The median of a triangle is the piece which is carried out from any its top to the opposite side, at the same time it divides it into parts of equal length. The maximum number of medians in a triangle - three, by quantity of tops and the parties.
Instruction
1. Task 1. In any triangle of ABD BE median is carried out. Find its length if it is known that the parties, respectively, are equal to AB = 10 cm, BD = 5 cm and AD = 8 cm.
2. Decision. Apply a median formula with expression through all parties of a triangle. It is a simple task as all lengths of the parties are known: BE = √ ((2*AB^2 + 2*BD^2 - AD^2)/4) = √ ((200 + 50 - 64)/4) = √ (46.5) ≈ 6.8 (cm).
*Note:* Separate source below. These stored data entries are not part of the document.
(* Let $f:[0,T]\times\mathbb R^n\times\mathbb D[0,T]\times\mathbb R\times\mathbb R^{1\times d}\times\mathbb L^2(E,\nu)\to\mathbb R$ and $\xi:\mathbb R^n\to\mathbb R$ satisfy Assumptions (MS) and (ML) below. For $m\in\mathbb N$ define $$f_m\bigl(r,x,(q_v)_{v\in[r,T]},y,z,\psi\bigr):=f\bigl(r,x,(\varphi_m(q_v))_{v\in[r,T]},\varphi_m(y),\varphi_m(z),\varphi_m(\psi\circ\zeta_m)\bigr),$$ where $\varphi_m(x)=(-m)\vee(x\wedge m)$ is applied componentwise to $z$ and $\psi$, and $(\psi\circ\zeta_m)(e):=\psi(e)\mathbf 1_{|e|\ge1/m}$ (componentwise). Then $(f_m)_{m\in\mathbb N}$ (together with $\xi$) satisfy Assumptions (MS) and (ML) uniformly in $m\in\mathbb N$. Moreover, for each $m$, $f_m$ is a.e. bounded and globally Lipschitz in $(q,y,z,\psi)$: there is $L_m>0$ with $$|f_m(t,x,(q_v)_{v\in[t,T]},y,z,\psi)-f_m(t,x,(q'_v)_{v\in[t,T]},y',z',\psi')|\le L_m\Bigl(\sup_{v\in[t,T]}|q_v-q'_v|+|y-y'|+|z-z'|+\|\psi-\psi'\|_{\mathbb L^2(\nu)}\Bigr)$$ for all arguments, for a.e. $t$.
   Context: Setting: $T>0$, $d,k,n\in\mathbb N$. $k$ $\sigma$-finite measures $\nu^1,\dots,\nu^k$ on $\mathbb R_0=\mathbb R\setminus\{0\}$ with $\int|e|^2\nu^i(de)<\infty$ (compensators $\nu^i(de)dt$ of independent Poisson random measures $\mu^i$ on the filtered probability space generated by them and a $d$-dimensional Brownian motion, with completed canonical filtration $\mathbb F$). $E=\mathbb R_0^k$; $\mathbb L^2(E,\nu)$ = $\psi=(\psi^i)_{i\le k}$, $\psi^i:\mathbb R_0\to\mathbb R$ Borel, with $\|\psi\|^2_{\mathbb L^2(\nu)}=\sum_i\int|\psi^i|^2d\nu^i<\infty$, and $\int_E g(\psi(e))\nu(de):=\sum_i\int g(\psi^i(e))\nu^i(de)$; $\|\psi\|_{\mathbb L^\infty(\nu)}$ the $\nu$-essential sup. $\mathbb D[0,T]$ real càdlàg functions. $\mathbb E_{\mathcal F_t}$ conditional expectation. $j_\gamma(u)=\frac1\gamma(e^{\gamma u}-1-\gamma u)$. Assumption (MS): (i) for every $(x,y,z,\psi)$ and every càdlàg adapted $(Y_v)$, $t\mapsto\mathbb E_{\mathcal F_t}f(t,x,(Y_v)_{v\in[t,T]},y,z,\psi)$ is progressively measurable; (ii) there are constants $\beta,\delta\ge0,\gamma>0$ and a positive non-random function $l$ on $[0,T]$ such that for every $(x,q,y,z,\psi)$, for $dt$-a.e. $t$, $-l_t-\delta\sup_{v\in[t,T]}|q_v|-\beta|y|-\frac\gamma2|z|^2-\int_Ej_\gamma(-\psi(e))\nu(de)\le f(t,x,(q_v)_{v\in[t,T]},y,z,\psi)\le l_t+\delta\sup_{v\in[t,T]}|q_v|+\beta|y|+\frac\gamma2|z|^2+\int_Ej_\gamma(\psi(e))\nu(de)$; (iii) $\sup_x|\xi(x)|<\infty$, $\sup_tl_t<\infty$. Assumption (ML): for each $M>0$ there is $K_M>0$, and constants $K_\xi\ge0,\rho\ge0,\alpha\in(0,1]$, such that for all arguments with $|y|,|y'|,\|\psi\|_{\mathbb L^\infty(\nu)},\|\psi'\|_{\mathbb L^\infty(\nu)},\sup_v|q_v|,\sup_v|q'_v|\le M$, for $dt$-a.e. $t$: $|f(t,x,(q_v),y,z,\psi)-f(t,x,(q'_v),y',z',\psi')|\le K_M(\sup_{v\in[t,T]}|q_v-q'_v|+|y-y'|+\|\psi-\psi'\|_{\mathbb L^2(\nu)})+K_M(1+|z|+|z'|+\|\psi\|_{\mathbb L^2(\nu)}+\|\psi'\|_{\mathbb L^2(\nu)})|z-z'|$; $|f(t,x,(q_v),y,z,\psi)-f(t,x',(q_v),y,z,\psi)|\le K_M(1+[|x|\vee|x'|]^\rho+|z|^2+\|\psi\|^2_{\mathbb L^2(\nu)})|x-x'|^\alpha$; $|\xi(x)-\xi(x')|\le K_\xi|x-x'|^\alpha$. *)

theory Defs
  imports "HOL-Probability.Probability"
begin

definition phi :: "nat \<Rightarrow> real \<Rightarrow> real" where
  "phi m u = max (- real m) (min u (real m))"

definition phiv :: "nat \<Rightarrow> real^'d \<Rightarrow> real^'d" where
  "phiv m z = (\<chi> i. phi m (z $ i))"

definition zeta_trunc :: "nat \<Rightarrow> ('k \<Rightarrow> real \<Rightarrow> real) \<Rightarrow> ('k \<Rightarrow> real \<Rightarrow> real)" where
  "zeta_trunc m \<psi> = (\<lambda>i e. if \<bar>e\<bar> \<ge> 1 / real m then \<psi> i e else 0)"
(* Let $\Sigma$ be a finite set of tokens, let $q$ be a query, and let $\pi_\theta$, $\pi_{\theta_{old}}$, $\pi_{\theta_{ref}}$ be policies, i.e. conditional distributions assigning a positive probability $\pi(x \mid q, y)$ to each token $x\in\Sigma$ given $q$ and a prefix $y\in\Sigma^*$. Let $\mathbb{G}=(g_1,\dots,g_k)$ be a group of $k\ge 1$ nonempty trajectories $g_i\in\Sigma^*$ (e.g. sampled from $\pi_\theta(\cdot\mid q)$), with real outcome-level rewards $r_1,\dots,r_k$, and assume $r_{std}(\mathbb{G})\neq 0$. Then $$L_{GRPO}(\mathbb{G}) = L_{PRM}(\mathbb{G}),$$ where $$L_{GRPO}(\mathbb{G})=\frac{1}{\sum_{i=1}^k \mathrm{len}(g_i)}\sum_{i=1}^k\sum_{t=0}^{\mathrm{len}(g_i)-1}\big(P_{i,t}\, a_i - D_{i,t}\big),\qquad L_{PRM}(\mathbb{G})=\frac{1}{\sum_{i=1}^k \mathrm{len}(g_i)}\sum_{i=1}^k\sum_{t=0}^{\mathrm{len}(g_i)-1}\big(P_{i,t}\, A_{i,t} - D_{i,t}\big),$$ with all quantities as defined in the context.
   Context: For a trajectory $g_i$, $\mathrm{len}(g_i)$ is its number of tokens, $g_i[t]$ (for $0\le t<\mathrm{len}(g_i)$) is its $t$-th token (0-indexed), and $g_i[:t]$ is the prefix consisting of its first $t$ tokens. $r_{mean}(\mathbb{G})=\frac1k\sum_{i=1}^k r_i$ and $r_{std}(\mathbb{G})$ is the standard deviation of $r_1,\dots,r_k$. The (outcome-level GRPO) advantage is $a_i=(r_i-r_{mean}(\mathbb{G}))/r_{std}(\mathbb{G})$. For $0\le t<\mathrm{len}(g_i)$: $P_{i,t}=\dfrac{\pi_\theta(g_i[t]\mid q,g_i[:t])}{\pi_{\theta_{old}}(g_i[t]\mid q,g_i[:t])}$ and $D_{i,t}=\dfrac{\pi_{\theta_{ref}}(g_i[t]\mid q,g_i[:t])}{\pi_\theta(g_i[t]\mid q,g_i[:t])}-\ln\dfrac{\pi_{\theta_{ref}}(g_i[t]\mid q,g_i[:t])}{\pi_\theta(g_i[t]\mid q,g_i[:t])}-1$. Process steps: the trajectories of $\mathbb{G}$ form a prefix tree whose nodes ("process sets") are sets of trajectories sharing a common prefix. For $0\le t<\mathrm{len}(g_i)$, the process set containing token $t$ of $g_i$ is $\lambda^{(i,t)}=\{g_j\in\mathbb{G} : \mathrm{len}(g_j)>t \text{ and } g_j[:t+1]=g_i[:t+1]\}$ (the set of trajectories that agree with $g_i$ on its first $t+1$ tokens). The step-level (Monte Carlo) reward of a process set $\lambda$ is $\hat R(\lambda)=\frac{1}{|\lambda|}\sum_{g_j\in\lambda} r_j$; the token-level reward is $R_{i,t}=\hat R(\lambda^{(i,t)})$, and the step-level advantage is $A_{i,t}=(R_{i,t}-r_{mean}(\mathbb{G}))/r_{std}(\mathbb{G})$. *)

theory Defs
  imports "HOL-Analysis.Analysis"
begin

text \<open>A policy: p q y x is the probability of next token x given query q and prefix y.\<close>
type_synonym ('q, 'a) policy = "'q \<Rightarrow> 'a list \<Rightarrow> 'a \<Rightarrow> real"

definition is_policy :: "'a set \<Rightarrow> ('q, 'a) policy \<Rightarrow> bool" where
  "is_policy \<Sigma> p \<longleftrightarrow>
     (\<forall>q y. set y \<subseteq> \<Sigma> \<longrightarrow> (\<forall>x\<in>\<Sigma>. p q y x > 0) \<and> (\<Sum>x\<in>\<Sigma>. p q y x) = 1)"

text \<open>Group G = (g_0,...,g_{k-1}) given by a function on indices below k (0-based).\<close>
definition r_mean :: "nat \<Rightarrow> (nat \<Rightarrow> real) \<Rightarrow> real" where
  "r_mean k r = (\<Sum>i<k. r i) / real k"

definition r_std :: "nat \<Rightarrow> (nat \<Rightarrow> real) \<Rightarrow> real" where
  "r_std k r = sqrt ((\<Sum>i<k. (r i - r_mean k r)^2) / real k)"

definition adv :: "nat \<Rightarrow> (nat \<Rightarrow> real) \<Rightarrow> nat \<Rightarrow> real" where
  "adv k r i = (r i - r_mean k r) / r_std k r"

definition ratioP :: "('q, 'a) policy \<Rightarrow> ('q, 'a) policy \<Rightarrow> 'q \<Rightarrow> 'a list \<Rightarrow> nat \<Rightarrow> real" where
  "ratioP p_th p_old q gi t = p_th q (take t gi) (gi ! t) / p_old q (take t gi) (gi ! t)"

definition klD :: "('q, 'a) policy \<Rightarrow> ('q, 'a) policy \<Rightarrow> 'q \<Rightarrow> 'a list \<Rightarrow> nat \<Rightarrow> real" where
  "klD p_th p_ref q gi t =
     (let z = p_ref q (take t gi) (gi ! t) / p_th q (take t gi) (gi ! t) in z - ln z - 1)"

definition process_set :: "nat \<Rightarrow> (nat \<Rightarrow> 'a list) \<Rightarrow> nat \<Rightarrow> nat \<Rightarrow> nat set" where
  "process_set k g i t =
     {j. j < k \<and> length (g j) > t \<and> take (t+1) (g j) = take (t+1) (g i)}"

definition step_reward :: "nat \<Rightarrow> (nat \<Rightarrow> 'a list) \<Rightarrow> (nat \<Rightarrow> real) \<Rightarrow> nat \<Rightarrow> nat \<Rightarrow> real" where
  "step_reward k g r i t =
     (let lam = process_set k g i t in (\<Sum>j\<in>lam. r j) / real (card lam))"

definition step_adv :: "nat \<Rightarrow> (nat \<Rightarrow> 'a list) \<Rightarrow> (nat \<Rightarrow> real) \<Rightarrow> nat \<Rightarrow> nat \<Rightarrow> real" where
  "step_adv k g r i t = (step_reward k g r i t - r_mean k r) / r_std k r"

definition L_GRPO :: "('q, 'a) policy \<Rightarrow> ('q, 'a) policy \<Rightarrow> ('q, 'a) policy \<Rightarrow> 'q
    \<Rightarrow> nat \<Rightarrow> (nat \<Rightarrow> 'a list) \<Rightarrow> (nat \<Rightarrow> real) \<Rightarrow> real" where
  "L_GRPO p_th p_old p_ref q k g r =
     (1 / real (\<Sum>i<k. length (g i))) *
     (\<Sum>i<k. \<Sum>t<length (g i).
        ratioP p_th p_old q (g i) t * adv k r i - klD p_th p_ref q (g i) t)"

definition L_PRM :: "('q, 'a) policy \<Rightarrow> ('q, 'a) policy \<Rightarrow> ('q, 'a) policy \<Rightarrow> 'q
    \<Rightarrow> nat \<Rightarrow> (nat \<Rightarrow> 'a list) \<Rightarrow> (nat \<Rightarrow> real) \<Rightarrow> real" where
  "L_PRM p_th p_old p_ref q k g r =
     (1 / real (\<Sum>i<k. length (g i))) *
     (\<Sum>i<k. \<Sum>t<length (g i).
        ratioP p_th p_old q (g i) t * step_adv k g r i t - klD p_th p_ref q (g i) t)"

end

theory Submission
  imports Defs
begin

text \<open>Index every token of the group by its position (i, t). The importance ratio at (i, t) only
  depends on the prefix-tree node g_i[:t+1], and the process set of (i, t) is exactly the fibre of
  that node, so the step-level reward is the mean of the outcome rewards over a fibre of a function
  on which the ratio is constant. Regrouping the ratio-weighted sum fibre by fibre therefore turns
  step-level rewards back into outcome rewards, and the two losses coincide.\<close>

definition fibre_mean :: "'i set \<Rightarrow> ('i \<Rightarrow> 'b) \<Rightarrow> ('i \<Rightarrow> real) \<Rightarrow> 'i \<Rightarrow> real" where
  "fibre_mean S h f x = sum f {y \<in> S. h y = h x} / real (card {y \<in> S. h y = h x})"

text \<open>The tower property E[w E[f | h]] = E[w f] for w measurable with respect to h.\<close>

lemma sum_mult_fibre_mean:
  assumes "finite S"
    and w_fibre_const: "\<And>x y. x \<in> S \<Longrightarrow> y \<in> S \<Longrightarrow> h x = h y \<Longrightarrow> w x = w y"
  shows "(\<Sum>x\<in>S. w x * fibre_mean S h f x) = (\<Sum>x\<in>S. w x * f x)"
proof -
  let ?F = "\<lambda>v. {x \<in> S. h x = v}"
  have fibre: "(\<Sum>x\<in>?F v. w x * fibre_mean S h f x) = (\<Sum>x\<in>?F v. w x * f x)"
    if "v \<in> h ` S" for v
  proof -
    obtain x0 where x0: "x0 \<in> S" "h x0 = v" using \<open>v \<in> h ` S\<close> by blast
    have card_pos: "card (?F v) > 0"
      using x0 \<open>finite S\<close> by (auto simp: card_gt_0_iff)
    have w_x0: "w x = w x0" if "x \<in> ?F v" for x
      using that x0 by (intro w_fibre_const) auto
    have mean_v: "fibre_mean S h f x = sum f (?F v) / card (?F v)" if "x \<in> ?F v" for x
      using that by (simp add: fibre_mean_def)
    have "(\<Sum>x\<in>?F v. w x * fibre_mean S h f x) = (\<Sum>x\<in>?F v. w x0 * (sum f (?F v) / card (?F v)))"
      using w_x0 mean_v by (intro sum.cong) simp_all
    also have "\<dots> = w x0 * sum f (?F v)"
      using card_pos by simp
    also have "\<dots> = (\<Sum>x\<in>?F v. w x * f x)"
      using w_x0 by (simp add: sum_distrib_left)
    finally show ?thesis .
  qed
  have "(\<Sum>x\<in>S. w x * fibre_mean S h f x) = (\<Sum>v\<in>h ` S. \<Sum>x\<in>?F v. w x * fibre_mean S h f x)"
    using \<open>finite S\<close> by (rule sum.image_gen)
  also have "\<dots> = (\<Sum>v\<in>h ` S. \<Sum>x\<in>?F v. w x * f x)"
    using fibre by (rule sum.cong[OF refl])
  also have "\<dots> = (\<Sum>x\<in>S. w x * f x)"
    using \<open>finite S\<close> by (rule sum.image_gen[symmetric])
  finally show ?thesis .
qed

lemma sum_mult_diff_divide:
  fixes w a :: "'i \<Rightarrow> real"
  shows "(\<Sum>x\<in>T. w x * ((a x - m) / s)) = ((\<Sum>x\<in>T. w x * a x) - m * sum w T) / s"
proof -
  have "(\<Sum>x\<in>T. w x * ((a x - m) / s)) = (\<Sum>x\<in>T. (w x * a x - m * w x) / s)"
    by (simp add: algebra_simps)
  then show ?thesis
    by (simp add: sum_divide_distrib[symmetric] sum_subtractf sum_distrib_left)
qed

definition tokens :: "nat \<Rightarrow> (nat \<Rightarrow> 'a list) \<Rightarrow> (nat \<times> nat) set" where
  "tokens k g = (SIGMA i:{..<k}. {..<length (g i)})"

definition prefix_node :: "(nat \<Rightarrow> 'a list) \<Rightarrow> nat \<times> nat \<Rightarrow> 'a list" where
  "prefix_node g p = take (snd p + 1) (g (fst p))"

lemma finite_tokens: "finite (tokens k g)"
  by (simp add: tokens_def)

lemma sum_tokens: "(\<Sum>i<k. \<Sum>t<length (g i). f i t) = (\<Sum>(i, t)\<in>tokens k g. f i t)"
  unfolding tokens_def by (simp add: sum.Sigma)

lemma prefix_node_eq_iff:
  assumes "(i, t) \<in> tokens k g" and "(j, s) \<in> tokens k g"
  shows "prefix_node g (j, s) = prefix_node g (i, t) \<longleftrightarrow>
           s = t \<and> take (t + 1) (g j) = take (t + 1) (g i)"
proof -
  have "length (prefix_node g (j, s)) = s + 1" "length (prefix_node g (i, t)) = t + 1"
    using assms by (auto simp: tokens_def prefix_node_def)
  then show ?thesis
    by (metis add_right_cancel prefix_node_def fst_conv snd_conv)
qed

lemma process_set_eq_fibre:
  assumes "(i, t) \<in> tokens k g"
  shows "{p \<in> tokens k g. prefix_node g p = prefix_node g (i, t)} = (\<lambda>j. (j, t)) ` process_set k g i t"
  using prefix_node_eq_iff[OF assms]
  by (fastforce simp: process_set_def tokens_def)

lemma step_reward_eq_fibre_mean:
  assumes "(i, t) \<in> tokens k g"
  shows "step_reward k g r i t = fibre_mean (tokens k g) (prefix_node g) (r \<circ> fst) (i, t)"
proof -
  have "inj_on (\<lambda>j. (j, t)) (process_set k g i t)"
    by (rule inj_onI) simp
  then show ?thesis
    by (simp add: step_reward_def Let_def fibre_mean_def process_set_eq_fibre[OF assms] sum.reindex
        card_image)
qed

lemma ratioP_eq_if_same_prefix_node:
  assumes "(i, t) \<in> tokens k g" and "(j, s) \<in> tokens k g"
    and "prefix_node g (i, t) = prefix_node g (j, s)"
  shows "ratioP p p' q (g i) t = ratioP p p' q (g j) s"
proof -
  have "s = t" and node: "take (t + 1) (g j) = take (t + 1) (g i)"
    using prefix_node_eq_iff[OF assms(1,2)] assms(3) by auto
  have "take t (g j) = take t (g i)"
    using arg_cong[OF node, of "take t"] by (simp add: min_def)
  moreover have "g j ! t = g i ! t"
    using arg_cong[OF node, of "\<lambda>u. u ! t"] by simp
  ultimately show ?thesis
    using \<open>s = t\<close> by (simp add: ratioP_def)
qed

theorem theorem1:
  fixes \<Sigma> :: "'a set"
    and p_th p_old p_ref :: "('q, 'a) policy"
    and q :: 'q
    and k :: nat
    and g :: "nat \<Rightarrow> 'a list"
    and r :: "nat \<Rightarrow> real"
  assumes "finite \<Sigma>"
    and "is_policy \<Sigma> p_th" and "is_policy \<Sigma> p_old" and "is_policy \<Sigma> p_ref"
    and "k \<ge> 1"
    and "\<forall>i<k. g i \<noteq> [] \<and> set (g i) \<subseteq> \<Sigma>"
    and "r_std k r \<noteq> 0"
  shows "L_GRPO p_th p_old p_ref q k g r = L_PRM p_th p_old p_ref q k g r"
proof -
  define T where "T = tokens k g"
  define P where "P = (\<lambda>(i, t). ratioP p_th p_old q (g i) t)"
  have "(\<Sum>(i, t)\<in>T. P (i, t) * step_reward k g r i t)
      = (\<Sum>x\<in>T. P x * fibre_mean T (prefix_node g) (r \<circ> fst) x)"
    by (rule sum.cong) (auto simp: T_def step_reward_eq_fibre_mean)
  also have "\<dots> = (\<Sum>x\<in>T. P x * (r \<circ> fst) x)"
    unfolding T_def P_def
    by (rule sum_mult_fibre_mean[OF finite_tokens]) (auto intro: ratioP_eq_if_same_prefix_node)
  finally have "(\<Sum>(i, t)\<in>T. P (i, t) * step_reward k g r i t) = (\<Sum>(i, t)\<in>T. P (i, t) * r i)"
    by (simp add: case_prod_beta')
  then have "(\<Sum>(i, t)\<in>T. P (i, t) * step_adv k g r i t) = (\<Sum>(i, t)\<in>T. P (i, t) * adv k r i)"
    using sum_mult_diff_divide[of P "\<lambda>(i, t). step_reward k g r i t"]
      sum_mult_diff_divide[of P "\<lambda>(i, t). r i"]
    by (simp add: step_adv_def adv_def case_prod_beta')
  then show ?thesis
    unfolding L_GRPO_def L_PRM_def sum_tokens T_def P_def
    by (simp add: sum_subtractf case_prod_beta')
qed

end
3. Task 2. The parties of AD and BD are equal in an isosceles triangle of ABD. The median from top D on the party of BA is carried out, at the same time it makes a corner about BA equal 90 °. Find DH median length if it is known that BA = 10 cm, and the corner of DBA is equal 60 °.
4. Decision. For finding of a median define one and equal parties of a triangle of AD or BD. For this purpose consider one of rectangular triangles, suppose, of BDH. Follows from definition of a median that BH = BA/2 = 10/2 = 5. Find the party of BD on a trigonometrical formula from property of a rectangular triangle - BD = BH/sin(DBH) = 5/sin60 ° = 5 / (√ 3/2) ≈ 5.8.
5. Now there are two possible options of finding of a median: on the formula used in the first task or of Pythagorean theorem for a rectangular triangle of BDH: DH^2 = BD^2 - BH^2.DH^2 = (5.8) ^2 - 25 ≈ 8.6 (cm).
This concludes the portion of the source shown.